Task statement :: Lines containing "finally" should be pulled from the material below.

Source data ::
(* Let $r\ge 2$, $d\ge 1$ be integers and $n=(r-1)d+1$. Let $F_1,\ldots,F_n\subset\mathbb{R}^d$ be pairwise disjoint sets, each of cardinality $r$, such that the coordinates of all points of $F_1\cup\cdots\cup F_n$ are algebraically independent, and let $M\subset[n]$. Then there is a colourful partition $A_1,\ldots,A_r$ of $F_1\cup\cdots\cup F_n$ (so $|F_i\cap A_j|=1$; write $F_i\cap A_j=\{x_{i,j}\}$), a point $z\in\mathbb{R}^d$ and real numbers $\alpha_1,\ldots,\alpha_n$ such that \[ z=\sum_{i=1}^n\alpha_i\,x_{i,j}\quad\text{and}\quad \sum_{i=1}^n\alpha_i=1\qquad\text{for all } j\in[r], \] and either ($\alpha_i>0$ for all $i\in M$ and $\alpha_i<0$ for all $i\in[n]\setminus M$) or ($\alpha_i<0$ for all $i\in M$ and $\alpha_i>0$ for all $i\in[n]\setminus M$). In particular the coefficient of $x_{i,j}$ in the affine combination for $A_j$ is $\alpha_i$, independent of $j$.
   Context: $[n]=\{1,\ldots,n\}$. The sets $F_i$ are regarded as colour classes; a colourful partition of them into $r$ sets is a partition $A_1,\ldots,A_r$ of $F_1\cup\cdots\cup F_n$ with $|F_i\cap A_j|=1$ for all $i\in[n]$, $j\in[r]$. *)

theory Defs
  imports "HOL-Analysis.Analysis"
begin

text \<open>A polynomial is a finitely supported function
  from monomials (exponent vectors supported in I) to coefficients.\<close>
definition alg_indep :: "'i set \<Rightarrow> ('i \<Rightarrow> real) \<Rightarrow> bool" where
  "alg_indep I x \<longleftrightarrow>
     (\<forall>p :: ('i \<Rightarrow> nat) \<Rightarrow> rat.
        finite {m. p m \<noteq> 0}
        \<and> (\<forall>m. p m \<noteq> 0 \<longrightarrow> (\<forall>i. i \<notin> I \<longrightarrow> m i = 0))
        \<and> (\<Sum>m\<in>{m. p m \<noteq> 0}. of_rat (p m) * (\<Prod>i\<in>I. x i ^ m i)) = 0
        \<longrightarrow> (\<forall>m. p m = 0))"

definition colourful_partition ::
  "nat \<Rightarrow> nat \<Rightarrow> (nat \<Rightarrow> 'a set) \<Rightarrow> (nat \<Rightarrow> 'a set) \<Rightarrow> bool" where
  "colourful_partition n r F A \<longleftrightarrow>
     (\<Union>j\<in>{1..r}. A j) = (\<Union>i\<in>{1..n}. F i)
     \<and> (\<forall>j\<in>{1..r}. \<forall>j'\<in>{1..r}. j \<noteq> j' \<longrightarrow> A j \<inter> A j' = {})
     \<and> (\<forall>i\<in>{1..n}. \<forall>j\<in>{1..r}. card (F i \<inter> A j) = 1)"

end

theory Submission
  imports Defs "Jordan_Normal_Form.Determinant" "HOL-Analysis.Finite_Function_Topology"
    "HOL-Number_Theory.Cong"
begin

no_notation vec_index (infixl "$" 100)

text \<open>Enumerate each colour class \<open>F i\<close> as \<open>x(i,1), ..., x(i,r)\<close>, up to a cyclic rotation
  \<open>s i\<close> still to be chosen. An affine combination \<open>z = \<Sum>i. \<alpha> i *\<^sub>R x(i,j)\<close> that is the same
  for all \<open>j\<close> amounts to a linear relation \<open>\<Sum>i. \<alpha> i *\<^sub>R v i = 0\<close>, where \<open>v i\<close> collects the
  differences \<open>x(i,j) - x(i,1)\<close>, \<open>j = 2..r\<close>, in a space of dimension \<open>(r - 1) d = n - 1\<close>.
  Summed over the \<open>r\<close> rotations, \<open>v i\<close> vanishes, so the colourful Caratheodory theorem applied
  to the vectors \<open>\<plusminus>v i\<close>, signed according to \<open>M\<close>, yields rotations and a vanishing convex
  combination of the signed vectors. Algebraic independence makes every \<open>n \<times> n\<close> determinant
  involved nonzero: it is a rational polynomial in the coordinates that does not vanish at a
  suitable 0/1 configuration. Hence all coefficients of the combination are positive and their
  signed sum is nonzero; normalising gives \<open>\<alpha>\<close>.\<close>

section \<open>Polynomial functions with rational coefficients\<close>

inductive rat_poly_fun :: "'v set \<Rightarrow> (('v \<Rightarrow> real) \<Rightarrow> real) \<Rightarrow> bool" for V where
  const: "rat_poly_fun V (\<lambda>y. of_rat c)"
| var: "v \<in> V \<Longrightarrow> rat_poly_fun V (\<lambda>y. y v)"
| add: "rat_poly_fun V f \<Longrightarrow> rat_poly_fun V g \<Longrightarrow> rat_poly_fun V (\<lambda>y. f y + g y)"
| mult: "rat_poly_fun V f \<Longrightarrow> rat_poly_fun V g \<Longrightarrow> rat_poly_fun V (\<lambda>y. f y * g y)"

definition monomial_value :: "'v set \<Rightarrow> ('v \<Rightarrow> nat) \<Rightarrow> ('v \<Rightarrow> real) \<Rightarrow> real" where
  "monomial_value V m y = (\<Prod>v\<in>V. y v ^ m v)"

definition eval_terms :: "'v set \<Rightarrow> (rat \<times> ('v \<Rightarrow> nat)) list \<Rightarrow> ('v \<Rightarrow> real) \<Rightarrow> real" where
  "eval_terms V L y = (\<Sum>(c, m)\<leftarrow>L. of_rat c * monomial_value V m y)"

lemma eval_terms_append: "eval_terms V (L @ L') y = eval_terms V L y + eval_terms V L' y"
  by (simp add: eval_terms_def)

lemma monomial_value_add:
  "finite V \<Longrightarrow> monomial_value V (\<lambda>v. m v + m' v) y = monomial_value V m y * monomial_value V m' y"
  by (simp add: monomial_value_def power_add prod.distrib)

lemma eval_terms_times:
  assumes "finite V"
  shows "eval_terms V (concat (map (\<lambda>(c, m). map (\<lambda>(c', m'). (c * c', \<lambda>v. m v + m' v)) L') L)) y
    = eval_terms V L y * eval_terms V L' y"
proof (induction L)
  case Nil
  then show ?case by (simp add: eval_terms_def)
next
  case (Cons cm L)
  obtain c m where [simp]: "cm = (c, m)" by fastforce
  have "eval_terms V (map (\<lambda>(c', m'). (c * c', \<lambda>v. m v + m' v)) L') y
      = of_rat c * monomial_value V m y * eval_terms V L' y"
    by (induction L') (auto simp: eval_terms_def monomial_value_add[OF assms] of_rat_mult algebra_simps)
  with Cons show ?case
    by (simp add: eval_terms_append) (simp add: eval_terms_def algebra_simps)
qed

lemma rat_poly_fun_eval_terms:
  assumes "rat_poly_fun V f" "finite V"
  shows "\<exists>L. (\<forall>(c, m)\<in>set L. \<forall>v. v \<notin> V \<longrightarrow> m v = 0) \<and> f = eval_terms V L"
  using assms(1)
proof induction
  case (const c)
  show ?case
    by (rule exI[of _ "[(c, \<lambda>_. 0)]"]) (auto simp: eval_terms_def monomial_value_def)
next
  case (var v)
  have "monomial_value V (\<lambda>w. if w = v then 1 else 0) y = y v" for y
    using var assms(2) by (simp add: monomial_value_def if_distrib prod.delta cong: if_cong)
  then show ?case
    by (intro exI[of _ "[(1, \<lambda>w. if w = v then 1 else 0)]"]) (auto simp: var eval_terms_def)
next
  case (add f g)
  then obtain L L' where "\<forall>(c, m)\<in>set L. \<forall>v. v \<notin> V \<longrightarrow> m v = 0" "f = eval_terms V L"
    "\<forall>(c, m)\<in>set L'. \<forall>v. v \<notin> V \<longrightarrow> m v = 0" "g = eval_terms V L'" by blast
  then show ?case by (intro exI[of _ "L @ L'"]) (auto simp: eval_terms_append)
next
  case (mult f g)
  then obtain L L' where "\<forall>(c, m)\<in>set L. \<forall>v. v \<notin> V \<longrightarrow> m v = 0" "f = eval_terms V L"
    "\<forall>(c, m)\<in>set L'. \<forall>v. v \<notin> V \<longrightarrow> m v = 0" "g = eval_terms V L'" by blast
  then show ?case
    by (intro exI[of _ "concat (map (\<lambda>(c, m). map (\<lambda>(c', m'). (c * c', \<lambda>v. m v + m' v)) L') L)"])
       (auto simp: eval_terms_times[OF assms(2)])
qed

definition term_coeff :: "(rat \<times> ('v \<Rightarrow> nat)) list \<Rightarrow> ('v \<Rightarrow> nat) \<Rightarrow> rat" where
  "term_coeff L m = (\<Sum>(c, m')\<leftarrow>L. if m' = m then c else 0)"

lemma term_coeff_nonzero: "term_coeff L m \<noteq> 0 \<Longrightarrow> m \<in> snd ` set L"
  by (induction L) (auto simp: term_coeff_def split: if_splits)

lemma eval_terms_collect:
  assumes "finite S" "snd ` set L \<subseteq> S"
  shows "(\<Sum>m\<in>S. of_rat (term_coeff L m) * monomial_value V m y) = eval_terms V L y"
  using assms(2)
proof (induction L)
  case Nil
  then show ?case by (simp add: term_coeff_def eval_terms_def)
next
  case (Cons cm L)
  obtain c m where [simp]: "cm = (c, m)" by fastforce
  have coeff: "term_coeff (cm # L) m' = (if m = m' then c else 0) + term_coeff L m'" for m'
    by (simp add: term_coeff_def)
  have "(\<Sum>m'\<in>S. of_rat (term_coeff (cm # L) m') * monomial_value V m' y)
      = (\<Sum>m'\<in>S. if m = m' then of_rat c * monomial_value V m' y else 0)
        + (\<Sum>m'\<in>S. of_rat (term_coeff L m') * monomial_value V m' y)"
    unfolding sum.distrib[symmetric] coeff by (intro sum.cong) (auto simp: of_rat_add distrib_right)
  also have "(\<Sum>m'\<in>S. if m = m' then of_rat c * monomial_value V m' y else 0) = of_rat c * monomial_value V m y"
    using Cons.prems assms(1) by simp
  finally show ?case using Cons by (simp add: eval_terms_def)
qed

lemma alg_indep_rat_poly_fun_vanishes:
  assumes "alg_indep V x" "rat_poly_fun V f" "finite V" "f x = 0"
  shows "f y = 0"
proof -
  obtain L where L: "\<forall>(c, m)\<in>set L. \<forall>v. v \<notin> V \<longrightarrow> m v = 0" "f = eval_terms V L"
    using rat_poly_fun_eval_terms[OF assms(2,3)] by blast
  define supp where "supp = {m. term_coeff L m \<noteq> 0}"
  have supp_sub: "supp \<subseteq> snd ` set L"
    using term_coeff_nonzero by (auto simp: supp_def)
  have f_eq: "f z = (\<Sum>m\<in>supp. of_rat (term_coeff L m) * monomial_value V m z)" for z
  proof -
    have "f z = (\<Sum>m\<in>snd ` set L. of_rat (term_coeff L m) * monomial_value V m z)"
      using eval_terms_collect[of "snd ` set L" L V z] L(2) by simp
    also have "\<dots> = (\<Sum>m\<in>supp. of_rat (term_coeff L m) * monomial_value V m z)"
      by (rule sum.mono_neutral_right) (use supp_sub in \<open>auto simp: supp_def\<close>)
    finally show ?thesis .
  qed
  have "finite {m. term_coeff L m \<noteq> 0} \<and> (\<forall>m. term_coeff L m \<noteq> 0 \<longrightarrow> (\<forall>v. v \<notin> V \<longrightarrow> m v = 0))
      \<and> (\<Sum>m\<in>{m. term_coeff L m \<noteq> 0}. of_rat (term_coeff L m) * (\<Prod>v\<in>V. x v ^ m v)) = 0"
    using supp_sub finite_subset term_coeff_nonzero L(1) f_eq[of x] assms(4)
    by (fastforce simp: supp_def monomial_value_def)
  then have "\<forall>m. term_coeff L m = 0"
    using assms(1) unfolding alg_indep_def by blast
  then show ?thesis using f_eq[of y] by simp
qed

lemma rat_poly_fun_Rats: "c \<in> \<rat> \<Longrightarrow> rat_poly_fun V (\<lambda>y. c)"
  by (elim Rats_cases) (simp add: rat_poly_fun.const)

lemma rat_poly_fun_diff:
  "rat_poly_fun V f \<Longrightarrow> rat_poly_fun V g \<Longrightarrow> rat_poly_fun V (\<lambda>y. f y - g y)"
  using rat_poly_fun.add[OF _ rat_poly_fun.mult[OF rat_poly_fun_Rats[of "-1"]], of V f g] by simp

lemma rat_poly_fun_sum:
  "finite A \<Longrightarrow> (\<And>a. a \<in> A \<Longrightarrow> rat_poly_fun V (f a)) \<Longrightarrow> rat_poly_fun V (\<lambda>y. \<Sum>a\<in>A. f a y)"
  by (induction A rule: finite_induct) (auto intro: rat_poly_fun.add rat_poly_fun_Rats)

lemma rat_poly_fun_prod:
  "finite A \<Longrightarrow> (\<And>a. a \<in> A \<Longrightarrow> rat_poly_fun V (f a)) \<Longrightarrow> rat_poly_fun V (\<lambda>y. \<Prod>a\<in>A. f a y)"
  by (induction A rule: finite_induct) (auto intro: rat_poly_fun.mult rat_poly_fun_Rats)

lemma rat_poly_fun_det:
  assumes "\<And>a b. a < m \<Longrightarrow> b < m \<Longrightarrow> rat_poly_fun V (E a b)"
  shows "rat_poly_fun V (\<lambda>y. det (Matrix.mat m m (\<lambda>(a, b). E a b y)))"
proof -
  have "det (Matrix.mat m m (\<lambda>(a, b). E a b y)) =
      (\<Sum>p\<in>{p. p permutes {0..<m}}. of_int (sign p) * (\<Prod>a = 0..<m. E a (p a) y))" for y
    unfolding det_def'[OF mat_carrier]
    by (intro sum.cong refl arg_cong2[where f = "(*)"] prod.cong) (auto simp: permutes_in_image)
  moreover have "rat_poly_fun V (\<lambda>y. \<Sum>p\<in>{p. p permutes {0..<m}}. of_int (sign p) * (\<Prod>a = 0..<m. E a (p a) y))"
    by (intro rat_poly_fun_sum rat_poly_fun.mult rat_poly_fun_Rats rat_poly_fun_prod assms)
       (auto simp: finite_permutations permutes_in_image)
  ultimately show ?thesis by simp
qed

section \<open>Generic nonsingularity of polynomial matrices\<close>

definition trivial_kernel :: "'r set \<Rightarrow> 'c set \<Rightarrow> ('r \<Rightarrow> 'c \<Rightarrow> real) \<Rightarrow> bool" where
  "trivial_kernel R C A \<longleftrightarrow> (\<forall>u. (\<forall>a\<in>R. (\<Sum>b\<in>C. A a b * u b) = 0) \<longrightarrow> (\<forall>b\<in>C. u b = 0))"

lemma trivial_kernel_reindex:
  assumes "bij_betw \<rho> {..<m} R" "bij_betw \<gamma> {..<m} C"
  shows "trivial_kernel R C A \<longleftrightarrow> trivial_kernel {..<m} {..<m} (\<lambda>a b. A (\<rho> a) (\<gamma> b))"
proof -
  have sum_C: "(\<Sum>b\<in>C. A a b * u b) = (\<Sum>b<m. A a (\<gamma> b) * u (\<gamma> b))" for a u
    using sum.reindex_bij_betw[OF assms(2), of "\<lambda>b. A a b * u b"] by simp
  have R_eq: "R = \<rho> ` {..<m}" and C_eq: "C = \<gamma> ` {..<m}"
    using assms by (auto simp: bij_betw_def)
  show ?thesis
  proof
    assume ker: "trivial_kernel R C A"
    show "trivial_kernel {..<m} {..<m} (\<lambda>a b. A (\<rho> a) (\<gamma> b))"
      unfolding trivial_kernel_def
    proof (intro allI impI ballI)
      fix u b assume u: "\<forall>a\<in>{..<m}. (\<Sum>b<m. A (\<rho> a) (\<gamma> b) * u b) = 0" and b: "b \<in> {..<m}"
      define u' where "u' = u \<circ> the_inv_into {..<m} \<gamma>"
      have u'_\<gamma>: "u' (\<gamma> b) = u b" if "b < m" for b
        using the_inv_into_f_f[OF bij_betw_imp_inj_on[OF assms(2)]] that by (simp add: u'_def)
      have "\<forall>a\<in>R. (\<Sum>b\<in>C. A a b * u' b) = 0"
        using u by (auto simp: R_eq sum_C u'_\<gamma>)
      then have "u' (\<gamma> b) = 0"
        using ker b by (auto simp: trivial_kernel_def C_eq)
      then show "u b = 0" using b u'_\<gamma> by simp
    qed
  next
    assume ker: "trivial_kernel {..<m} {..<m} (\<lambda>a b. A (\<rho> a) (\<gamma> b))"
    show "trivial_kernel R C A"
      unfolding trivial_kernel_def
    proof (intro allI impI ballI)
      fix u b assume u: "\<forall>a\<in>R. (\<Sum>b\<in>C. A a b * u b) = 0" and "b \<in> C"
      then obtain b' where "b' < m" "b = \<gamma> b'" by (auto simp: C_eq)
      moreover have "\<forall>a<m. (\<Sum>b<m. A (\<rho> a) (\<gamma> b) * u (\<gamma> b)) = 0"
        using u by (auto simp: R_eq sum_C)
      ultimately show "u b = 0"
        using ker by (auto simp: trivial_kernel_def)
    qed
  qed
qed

...

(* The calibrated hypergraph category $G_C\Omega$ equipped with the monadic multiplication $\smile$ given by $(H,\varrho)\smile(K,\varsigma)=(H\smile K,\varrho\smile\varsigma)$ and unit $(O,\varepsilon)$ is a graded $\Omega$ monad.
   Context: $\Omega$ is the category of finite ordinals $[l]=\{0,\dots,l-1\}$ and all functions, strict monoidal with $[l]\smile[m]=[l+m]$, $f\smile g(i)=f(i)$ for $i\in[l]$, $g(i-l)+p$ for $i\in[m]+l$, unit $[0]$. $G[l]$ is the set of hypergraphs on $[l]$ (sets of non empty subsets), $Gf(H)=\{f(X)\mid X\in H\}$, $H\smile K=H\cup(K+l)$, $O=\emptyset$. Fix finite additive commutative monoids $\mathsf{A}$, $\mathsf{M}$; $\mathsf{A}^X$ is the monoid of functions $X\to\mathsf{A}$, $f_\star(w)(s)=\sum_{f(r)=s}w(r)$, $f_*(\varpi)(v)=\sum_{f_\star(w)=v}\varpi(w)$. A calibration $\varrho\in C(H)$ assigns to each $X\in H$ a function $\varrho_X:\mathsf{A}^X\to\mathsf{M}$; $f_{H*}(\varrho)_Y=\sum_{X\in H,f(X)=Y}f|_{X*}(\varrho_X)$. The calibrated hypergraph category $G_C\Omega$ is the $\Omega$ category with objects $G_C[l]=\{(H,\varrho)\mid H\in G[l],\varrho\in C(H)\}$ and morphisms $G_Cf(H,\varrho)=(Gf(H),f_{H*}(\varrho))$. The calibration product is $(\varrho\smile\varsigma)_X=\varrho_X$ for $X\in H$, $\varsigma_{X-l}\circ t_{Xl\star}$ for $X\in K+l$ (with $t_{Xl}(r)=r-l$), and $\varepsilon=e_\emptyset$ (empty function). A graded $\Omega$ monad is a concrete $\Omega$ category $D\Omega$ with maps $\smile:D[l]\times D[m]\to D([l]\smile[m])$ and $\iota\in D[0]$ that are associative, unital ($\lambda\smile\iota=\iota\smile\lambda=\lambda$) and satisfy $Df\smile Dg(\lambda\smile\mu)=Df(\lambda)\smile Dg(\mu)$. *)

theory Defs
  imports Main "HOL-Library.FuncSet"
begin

Output for this task ::
  finally show ?case using Cons by (simp add: eval_terms_def)
    finally show ?thesis .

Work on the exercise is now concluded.